In 2007, a 2-CD deluxe edition of Argus was released in Europe by Island Records. This included the 1972 mix as well as additional BBC Session tracks.

In 2008, Martin Turner released a new studio recording of Argus entitled Argus Through the Looking Glass. Wishbone Ash released a live version of the album, Argus "Then Again" Live.

== Critical reception ==

Argus was named "Album of the Year" in the 1972 year-end issue of Sounds.

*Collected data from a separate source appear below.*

(* Let $\alpha>0$, $\beta,\eta,\kappa\in\mathbb{R}$, $\rho>0$, $p\geq 1$, and $0\le a<x$. Let $f,g$ be two positive functions on $[0,\infty)$ with $f,g\in X^{p}_{c}(a,x)$ (for some $c\in\mathbb{R}$), such that ${}^{\rho}\mathcal{I}^{\alpha,\beta}_{a+,\eta,\kappa}f^{p}(x)<\infty$ and ${}^{\rho}\mathcal{I}^{\alpha,\beta}_{a+,\eta,\kappa}g^{p}(x)<\infty$. Suppose there are real numbers $m,M$ and $\gamma$ with $0<\gamma<m\leq \frac{f(t)}{g(t)}\leq M$ for all $t\in[a,x]$. Then $$\frac{M+1}{M-\gamma}\left({}^{\rho}\mathcal{I}^{\alpha,\beta}_{a+,\eta,\kappa}(f-\gamma g)^{p}(x)\right)^{1/p}\leq\left({}^{\rho}\mathcal{I}^{\alpha,\beta}_{a+,\eta,\kappa}f^{p}(x)\right)^{1/p}+\left({}^{\rho}\mathcal{I}^{\alpha,\beta}_{a+,\eta,\kappa}g^{p}(x)\right)^{1/p}\leq\frac{m+1}{m-\gamma}\left({}^{\rho}\mathcal{I}^{\alpha,\beta}_{a+,\eta,\kappa}(f-\gamma g)^{p}(x)\right)^{1/p}.$$
   Context: For $c\in\mathbb{R}$ and $1\le p<\infty$, $X^{p}_{c}(a,b)$ denotes the space of Lebesgue measurable functions $f$ on $(a,b)$ with $\left(\int_a^b |t^{c}f(t)|^{p}\,\frac{dt}{t}\right)^{1/p}<\infty$. For $\alpha>0$, $\beta,\eta,\kappa\in\mathbb{R}$, $\rho>0$, $0\le a<x$, and a function $\varphi$, the generalized (Katugampola) fractional integral is $${}^{\rho}\mathcal{I}^{\alpha,\beta}_{a+,\eta,\kappa}\varphi(x)=\frac{\rho^{1-\beta}x^{\kappa}}{\Gamma(\alpha)}\int_{a}^{x}\frac{\tau^{\rho(\eta+1)-1}}{(x^{\rho}-\tau^{\rho})^{1-\alpha}}\varphi(\tau)\,d\tau,$$ whenever the integral exists. ${}^{\rho}\mathcal{I}^{\alpha,\beta}_{a+,\eta,\kappa}(f-\gamma g)^{p}(x)$ means the operator applied to $\tau\mapsto (f(\tau)-\gamma g(\tau))^p$, evaluated at $x$. *)

theory Defs
  imports "HOL-Analysis.Analysis"
begin

definition in_Xpc :: "real \<Rightarrow> real \<Rightarrow> real \<Rightarrow> real \<Rightarrow> (real \<Rightarrow> real) \<Rightarrow> bool" where
  "in_Xpc c p a b f \<longleftrightarrow>
     set_borel_measurable lebesgue {a<..<b} f \<and>
     set_integrable lebesgue {a<..<b} (\<lambda>t. \<bar>t powr c * f t\<bar> powr p / t)"

definition kat_kernel :: "real \<Rightarrow> real \<Rightarrow> real \<Rightarrow> real \<Rightarrow> real \<Rightarrow> real" where
  "kat_kernel \<rho> \<alpha> \<eta> x \<tau> =
     \<tau> powr (\<rho> * (\<eta> + 1) - 1) / (x powr \<rho> - \<tau> powr \<rho>) powr (1 - \<alpha>)"

definition kat_integrable :: "real \<Rightarrow> real \<Rightarrow> real \<Rightarrow> real \<Rightarrow> (real \<Rightarrow> real) \<Rightarrow> real \<Rightarrow> bool" where
  "kat_integrable \<rho> \<alpha> \<eta> a \<phi> x \<longleftrightarrow>
     set_integrable lebesgue {a<..<x} (\<lambda>\<tau>. kat_kernel \<rho> \<alpha> \<eta> x \<tau> * \<phi> \<tau>)"

definition kat_int :: "real \<Rightarrow> real \<Rightarrow> real \<Rightarrow> real \<Rightarrow> real \<Rightarrow> real \<Rightarrow> (real \<Rightarrow> real) \<Rightarrow> real \<Rightarrow> real" where
  "kat_int \<rho> \<alpha> \<beta> \<eta> \<kappa> a \<phi> x =
     \<rho> powr (1 - \<beta>) * x powr \<kappa> / Gamma \<alpha> *
     (LINT \<tau>:{a<..<x}|lebesgue. kat_kernel \<rho> \<alpha> \<eta> x \<tau> * \<phi> \<tau>)"

end

theory Submission
  imports Defs
begin

text \<open>On (a, x) the hypothesis gives (m - \<gamma>) g \<le> f - \<gamma> g \<le> (M - \<gamma>) g and
  (m - \<gamma>)/m f \<le> f - \<gamma> g \<le> (M - \<gamma>)/M f. The Katugampola operator is a positive linear
  functional, so a pointwise bound 0 \<le> u \<le> c v yields I(u^p)^(1/p) \<le> c I(v^p)^(1/p).
  Adding the four resulting inequalities in pairs gives both sides of the claim.\<close>

lemma kat_kernel_nonneg: "0 \<le> kat_kernel \<rho> \<alpha> \<eta> x \<tau>"
  unfolding kat_kernel_def by simp

lemma kat_kernel_measurable: "kat_kernel \<rho> \<alpha> \<eta> x \<in> borel_measurable lebesgue"
  by (rule measurable_completion) (unfold kat_kernel_def, measurable)

lemma kat_int_factor_nonneg:
  fixes \<alpha> :: real
  assumes "\<alpha> > 0"
  shows "0 \<le> \<rho> powr (1 - \<beta>) * x powr \<kappa> / Gamma \<alpha>"
  using Gamma_real_pos[OF assms] by simp

lemma kat_int_nonneg:
  assumes "\<alpha> > 0" and "\<And>\<tau>. \<tau> \<in> {a<..<x} \<Longrightarrow> 0 \<le> \<phi> \<tau>"
  shows "0 \<le> kat_int \<rho> \<alpha> \<beta> \<eta> \<kappa> a \<phi> x"
proof -
  have "0 \<le> (LINT \<tau>:{a<..<x}|lebesgue. kat_kernel \<rho> \<alpha> \<eta> x \<tau> * \<phi> \<tau>)"
    unfolding set_lebesgue_integral_def
    using assms(2) kat_kernel_nonneg by (intro integral_nonneg_AE) (auto simp: indicator_def)
  then show ?thesis
    unfolding kat_int_def by (rule mult_nonneg_nonneg[OF kat_int_factor_nonneg[OF assms(1)]])
qed

lemma kat_int_mono:
  assumes "\<alpha> > 0" and "kat_integrable \<rho> \<alpha> \<eta> a \<phi> x" and "kat_integrable \<rho> \<alpha> \<eta> a \<psi> x"
    and "\<And>\<tau>. \<tau> \<in> {a<..<x} \<Longrightarrow> \<phi> \<tau> \<le> \<psi> \<tau>"
  shows "kat_int \<rho> \<alpha> \<beta> \<eta> \<kappa> a \<phi> x \<le> kat_int \<rho> \<alpha> \<beta> \<eta> \<kappa> a \<psi> x"
  unfolding kat_int_def
  using assms kat_kernel_nonneg kat_int_factor_nonneg[OF assms(1)]
  by (intro mult_left_mono set_integral_mono) (auto simp: kat_integrable_def mult_left_mono)

lemma kat_integrable_cmult:
  "kat_integrable \<rho> \<alpha> \<eta> a \<phi> x \<Longrightarrow> kat_integrable \<rho> \<alpha> \<eta> a (\<lambda>\<tau>. c * \<phi> \<tau>) x"
  unfolding kat_integrable_def
  by (simp add: mult.left_commute[of _ c] set_integrable_mult_right)

lemma kat_int_cmult:
  "kat_int \<rho> \<alpha> \<beta> \<eta> \<kappa> a (\<lambda>\<tau>. c * \<phi> \<tau>) x = c * kat_int \<rho> \<alpha> \<beta> \<eta> \<kappa> a \<phi> x"
  unfolding kat_int_def by (simp add: mult.left_commute[of _ c])

lemma kat_integrable_bound:
  assumes "kat_integrable \<rho> \<alpha> \<eta> a \<psi> x"
    and "\<phi> \<in> borel_measurable (restrict_space lebesgue {a<..<x})"
    and "\<And>\<tau>. \<tau> \<in> {a<..<x} \<Longrightarrow> \<bar>\<phi> \<tau>\<bar> \<le> \<psi> \<tau>"
  shows "kat_integrable \<rho> \<alpha> \<eta> a \<phi> x"
  unfolding kat_integrable_def
proof (rule set_integrable_bound)
  show "set_integrable lebesgue {a<..<x} (\<lambda>\<tau>. kat_kernel \<rho> \<alpha> \<eta> x \<tau> * \<psi> \<tau>)"
    using assms(1) unfolding kat_integrable_def .
  have "(\<lambda>\<tau>. kat_kernel \<rho> \<alpha> \<eta> x \<tau> * \<phi> \<tau>) \<in> borel_measurable (restrict_space lebesgue {a<..<x})"
    by (intro borel_measurable_times measurable_restrict_space1[OF kat_kernel_measurable] assms(2))
  then show "set_borel_measurable lebesgue {a<..<x} (\<lambda>\<tau>. kat_kernel \<rho> \<alpha> \<eta> x \<tau> * \<phi> \<tau>)"
    unfolding set_borel_measurable_def by (subst (asm) borel_measurable_restrict_space_iff) auto
  show "AE \<tau> in lebesgue. \<tau> \<in> {a<..<x} \<longrightarrow>
      norm (kat_kernel \<rho> \<alpha> \<eta> x \<tau> * \<phi> \<tau>) \<le> norm (kat_kernel \<rho> \<alpha> \<eta> x \<tau> * \<psi> \<tau>)"
    using assms(3) kat_kernel_nonneg
    by (intro AE_I2) (force simp: abs_mult intro: mult_left_mono)
qed

lemma powr_inverse_le_of_le_powr_mult:
  fixes A B c p :: real
  assumes "0 \<le> A" and "A \<le> c powr p * B" and "c > 0" and "p > 0"
  shows "A powr (1 / p) \<le> c * B powr (1 / p)"
proof -
  have "0 \<le> c powr p * B"
    using assms(1,2) by linarith
  then have "0 \<le> B"
    using assms(3) by (simp add: zero_le_mult_iff)
  have "A powr (1 / p) \<le> (c powr p * B) powr (1 / p)"
    using assms by (intro powr_mono2) auto
  also have "\<dots> = c * B powr (1 / p)"
    using \<open>0 \<le> B\<close> assms(3,4) by (simp add: powr_mult powr_powr)
  finally show ?thesis .
qed

lemma kat_int_powr_root_le:
  assumes "\<alpha> > 0" and "p > 0" and "c > 0"
    and "kat_integrable \<rho> \<alpha> \<eta> a (\<lambda>\<tau>. u \<tau> powr p) x"
    and "kat_integrable \<rho> \<alpha> \<eta> a (\<lambda>\<tau>. v \<tau> powr p) x"
    and "\<And>\<tau>. \<tau> \<in> {a<..<x} \<Longrightarrow> 0 \<le> u \<tau> \<and> u \<tau> \<le> c * v \<tau>"
  shows "kat_int \<rho> \<alpha> \<beta> \<eta> \<kappa> a (\<lambda>\<tau>. u \<tau> powr p) x powr (1 / p)
    \<le> c * kat_int \<rho> \<alpha> \<beta> \<eta> \<kappa> a (\<lambda>\<tau>. v \<tau> powr p) x powr (1 / p)"
proof (rule powr_inverse_le_of_le_powr_mult)
  have powr_le: "u \<tau> powr p \<le> c powr p * v \<tau> powr p" if "\<tau> \<in> {a<..<x}" for \<tau>
  proof -
    have "0 \<le> v \<tau>"
      using assms(3) assms(6)[OF that] by (meson order.trans zero_le_mult_iff not_le)
    have "u \<tau> powr p \<le> (c * v \<tau>) powr p"
      using assms(2) assms(6)[OF that] by (intro powr_mono2) auto
    also have "\<dots> = c powr p * v \<tau> powr p"
      using assms(3) \<open>0 \<le> v \<tau>\<close> by (simp add: powr_mult)
    finally show ?thesis .
  qed
  show "kat_int \<rho> \<alpha> \<beta> \<eta> \<kappa> a (\<lambda>\<tau>. u \<tau> powr p) x
      \<le> c powr p * kat_int \<rho> \<alpha> \<beta> \<eta> \<kappa> a (\<lambda>\<tau>. v \<tau> powr p) x"
    using kat_int_mono[OF assms(1,4) kat_integrable_cmult[OF assms(5)] powr_le]
    by (simp add: kat_int_cmult)
  show "0 \<le> kat_int \<rho> \<alpha> \<beta> \<eta> \<kappa> a (\<lambda>\<tau>. u \<tau> powr p) x"
    using assms(1) by (rule kat_int_nonneg) simp
qed (use assms in auto)

lemma in_Xpc_measurable:
  "in_Xpc c p a b f \<Longrightarrow> f \<in> borel_measurable (restrict_space lebesgue {a<..<b})"
  unfolding in_Xpc_def set_borel_measurable_def by (simp add: borel_measurable_restrict_space_iff)

lemma diff_ratio_bounds:
  fixes f g m M \<gamma> :: real
  assumes "0 < \<gamma>" and "\<gamma> < m" and "0 < g" and "m * g \<le> f" and "f \<le> M * g"
  shows "0 \<le> f" and "0 \<le> f - \<gamma> * g" and "f - \<gamma> * g \<le> f"
    and "f - \<gamma> * g \<le> (M - \<gamma>) / M * f" and "f - \<gamma> * g \<le> (M - \<gamma>) * g"
    and "f \<le> m / (m - \<gamma>) * (f - \<gamma> * g)" and "g \<le> 1 / (m - \<gamma>) * (f - \<gamma> * g)"
proof -
  have "m \<le> M" and "\<gamma> * g \<le> m * g"
    using assms by (auto intro: mult_right_mono dest: order.trans[of _ f] mult_right_le_imp_le)
  then show "0 \<le> f - \<gamma> * g" and "0 \<le> f" and "f - \<gamma> * g \<le> f"
    using assms mult_pos_pos[of \<gamma> g] by linarith+
  show "f - \<gamma> * g \<le> (M - \<gamma>) * g"
    using assms by (simp add: left_diff_distrib)
  have "\<gamma> * f \<le> \<gamma> * (M * g)" and "\<gamma> * (m * g) \<le> \<gamma> * f"
    using assms by simp_all
  then show "f - \<gamma> * g \<le> (M - \<gamma>) / M * f" and "f \<le> m / (m - \<gamma>) * (f - \<gamma> * g)"
    and "g \<le> 1 / (m - \<gamma>) * (f - \<gamma> * g)"
    using assms \<open>m \<le> M\<close> by (simp_all add: field_simps)
qed

theorem theorem12:
  fixes \<alpha> \<beta> \<eta> \<kappa> \<rho> p a x c m M \<gamma> :: real
    and f g :: "real \<Rightarrow> real"
  assumes "\<alpha> > 0" and "\<rho> > 0" and "p \<ge> 1" and "0 \<le> a" and "a < x"
    and "\<And>t. t \<ge> 0 \<Longrightarrow> f t > 0" and "\<And>t. t \<ge> 0 \<Longrightarrow> g t > 0"
    and "in_Xpc c p a x f" and "in_Xpc c p a x g"
    and "kat_integrable \<rho> \<alpha> \<eta> a (\<lambda>\<tau>. f \<tau> powr p) x"
    and "kat_integrable \<rho> \<alpha> \<eta> a (\<lambda>\<tau>. g \<tau> powr p) x"
    and "0 < \<gamma>" and "\<gamma> < m"
    and "\<And>t. t \<in> {a..x} \<Longrightarrow> m \<le> f t / g t \<and> f t / g t \<le> M"
  shows "((M + 1) / (M - \<gamma>) *
           kat_int \<rho> \<alpha> \<beta> \<eta> \<kappa> a (\<lambda>\<tau>. (f \<tau> - \<gamma> * g \<tau>) powr p) x powr (1 / p)
         \<le> kat_int \<rho> \<alpha> \<beta> \<eta> \<kappa> a (\<lambda>\<tau>. f \<tau> powr p) x powr (1 / p)
           + kat_int \<rho> \<alpha> \<beta> \<eta> \<kappa> a (\<lambda>\<tau>. g \<tau> powr p) x powr (1 / p))
       \<and> (kat_int \<rho> \<alpha> \<beta> \<eta> \<kappa> a (\<lambda>\<tau>. f \<tau> powr p) x powr (1 / p)
           + kat_int \<rho> \<alpha> \<beta> \<eta> \<kappa> a (\<lambda>\<tau>. g \<tau> powr p) x powr (1 / p)
         \<le> (m + 1) / (m - \<gamma>) *
           kat_int \<rho> \<alpha> \<beta> \<eta> \<kappa> a (\<lambda>\<tau>. (f \<tau> - \<gamma> * g \<tau>) powr p) x powr (1 / p))"
proof -
  define I where "I \<phi> = kat_int \<rho> \<alpha> \<beta> \<eta> \<kappa> a \<phi> x powr (1 / p)" for \<phi>
  have "p > 0" and "m \<le> M"
    using assms(3,5) assms(14)[of a] by auto
  have ratio: "0 < g \<tau>" "m * g \<tau> \<le> f \<tau>" "f \<tau> \<le> M * g \<tau>" if "\<tau> \<in> {a<..<x}" for \<tau>
    using that assms(4) assms(7)[of \<tau>] assms(14)[of \<tau>] by (auto simp: field_simps)
  have pointwise: "0 \<le> g \<tau>" "0 \<le> f \<tau>" "0 \<le> f \<tau> - \<gamma> * g \<tau>" "f \<tau> - \<gamma> * g \<tau> \<le> f \<tau>"
    "f \<tau> - \<gamma> * g \<tau> \<le> (M - \<gamma>) / M * f \<tau>" "f \<tau> - \<gamma> * g \<tau> \<le> (M - \<gamma>) * g \<tau>"
    "f \<tau> \<le> m / (m - \<gamma>) * (f \<tau> - \<gamma> * g \<tau>)" "g \<tau> \<le> 1 / (m - \<gamma>) * (f \<tau> - \<gamma> * g \<tau>)"
    if "\<tau> \<in> {a<..<x}" for \<tau>
    using diff_ratio_bounds[OF assms(12,13) ratio[OF that]] ratio(1)[OF that] by simp_all
  note [measurable] = in_Xpc_measurable[OF assms(8)] in_Xpc_measurable[OF assms(9)]
  have integrable_diff: "kat_integrable \<rho> \<alpha> \<eta> a (\<lambda>\<tau>. (f \<tau> - \<gamma> * g \<tau>) powr p) x"
    using assms(10)
  proof (rule kat_integrable_bound)
    show "\<bar>(f \<tau> - \<gamma> * g \<tau>) powr p\<bar> \<le> f \<tau> powr p" if "\<tau> \<in> {a<..<x}" for \<tau>
      using pointwise(3,4)[OF that] \<open>p > 0\<close> by (auto intro!: powr_mono2)
  qed measurable
  note root_le = kat_int_powr_root_le[OF assms(1) \<open>p > 0\<close>]
  note facts = assms(10-13) integrable_diff \<open>m \<le> M\<close>
  have "I (\<lambda>\<tau>. (f \<tau> - \<gamma> * g \<tau>) powr p) \<le> (M - \<gamma>) / M * I (\<lambda>\<tau>. f \<tau> powr p)"
    unfolding I_def using facts by (intro root_le conjI pointwise) auto
  moreover have "I (\<lambda>\<tau>. (f \<tau> - \<gamma> * g \<tau>) powr p) \<le> (M - \<gamma>) * I (\<lambda>\<tau>. g \<tau> powr p)"
    unfolding I_def using facts by (intro root_le conjI pointwise) auto
  moreover have "I (\<lambda>\<tau>. f \<tau> powr p) \<le> m / (m - \<gamma>) * I (\<lambda>\<tau>. (f \<tau> - \<gamma> * g \<tau>) powr p)"
    unfolding I_def using facts by (intro root_le conjI pointwise) auto
  moreover have "I (\<lambda>\<tau>. g \<tau> powr p) \<le> 1 / (m - \<gamma>) * I (\<lambda>\<tau>. (f \<tau> - \<gamma> * g \<tau>) powr p)"
    unfolding I_def using facts by (intro root_le conjI pointwise) auto
  ultimately show ?thesis
    unfolding I_def[symmetric] using assms(12,13) \<open>m \<le> M\<close> by (auto simp: field_simps)
qed

end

William Ruhlmann of AllMusic gave the album a rating of 4 out of 5 stars, praising the instrumentation and writing that "it set up the commercial breakthrough enjoyed by the band's next album, Wishbone Four, but over the years it came to be seen as the quintessential Wishbone Ash recording, the one that best realized the group's complex vision."

Professional ratings
Review scores
| Source | Rating |
| AllMusic | Star |
| SputnikMusic | Star |

== Influence ==
In an interview with Guitar World in 2011, Steve Harris from Iron Maiden said "I think if anyone wants to understand Maiden's early thing, in particular the harmony guitars, all they have to do is listen to Wishbone Ash's Argus album."

== Track listing ==

Note: track timings on the gatefold sleeve of early editions are incorrect. For example, "Time Was" is listed as 9:00 and not the correct 9:42.

Side one
| No. | Title | Lead vocals | Length |
|---|---|---|---|
| 1. | "Time Was" | T. Turner, M. Turner | 9:42 |
| 2. | "Sometime World" |  | 6:55 |
| 3. | "Blowin' Free" | M. Turner, Powell, T. Turner | 5:17 |

Side two
| No. | Title | Lead vocals | Length |
|---|---|---|---|
| 1. | "The King Will Come" |  | 7:06 |
| 2. | "Leaf and Stream" | M. Turner | 3:55 |
| 3. | "Warrior" |  | 5:53 |
| 4. | "Throw Down the Sword" |  | 5:55 |

===First reissue bonus tracks===
Music by Wishbone Ash;

Lyrics by Martin Turner.
1. "No Easy Road" – 3:36

===Live From Memphis EP bonus tracks===
All songs composed by Wishbone Ash.
1. "Jail Bait" – 4:57
2. "The Pilgrim" – 10:10
3. "Phoenix" – 17:05

===2007 deluxe edition===
- Disc one
1. "Time Was"
2. "Sometime World"
3. "Blowin' Free"
4. "The King Will Come"
5. "Leaf and Stream"
6. "Warrior"
7. "Throw Down the Sword"
8. "No Easy Road"
9. "The Pilgrim" (live in Memphis 1972)
10. "Phoenix" (live in Memphis 1972)

- Disc two
11. "Time Was" (BBC in concert session 1972)
12. "Blowin' Free" (BBC in concert session 1972)
13. "Warrior" (BBC in concert session 1972)
14. "Throw Down the Sword" (BBC in concert session 1972)
15. "King Will Come" (BBC in concert session 1972)
16. "Phoenix" (BBC in concert session 1972)
17. "Blowin' Free" (BBC session 1972)
18. "Throw Down The Sword" (BBC session 1972)

==Personnel==

- Wishbone Ash
- Martin Turner – bass guitar, vocals
- Andy Powell – lead (track 1, 2 [second passage], 3, 5, 6, 7), harmony lead, rhythm and acoustic guitars (stereo left), vocals
- Ted Turner – lead (track 2 [first passage], 3 [quiet passage], 4 and 6 [quiet passage]), slide (track 3), harmony lead, rhythm and acoustic guitars (stereo right), vocals
- Steve Upton – drums (all tracks except 5), percussion

- Additional personnel
- John Tout – organ on "Throw Down The Sword"

==Charts==

| Chart (1972) | Peak position |
|---|---|
| Australian Albums (Kent Music Report) | 49 |
| Norwegian Albums (VG-lista) | 21 |
| UK Albums (Official Charts) | 3 |
| US Billboard 200 | 169 |

| Chart (2023–2026) | Peak position |
|---|---|
| Greek Albums (IFPI) | 34 |
| Scottish Albums (Official Charts) | 53 |
| UK Independent Albums (Official Charts) | 21 |
| UK Rock & Metal Albums (Official Charts) | 10 |

== Certifications ==

| Region | Certification | Certified units/sales |
| United Kingdom (BPI) | Gold | 100,000^{^} |
^{^} Shipments figures based on certification alone.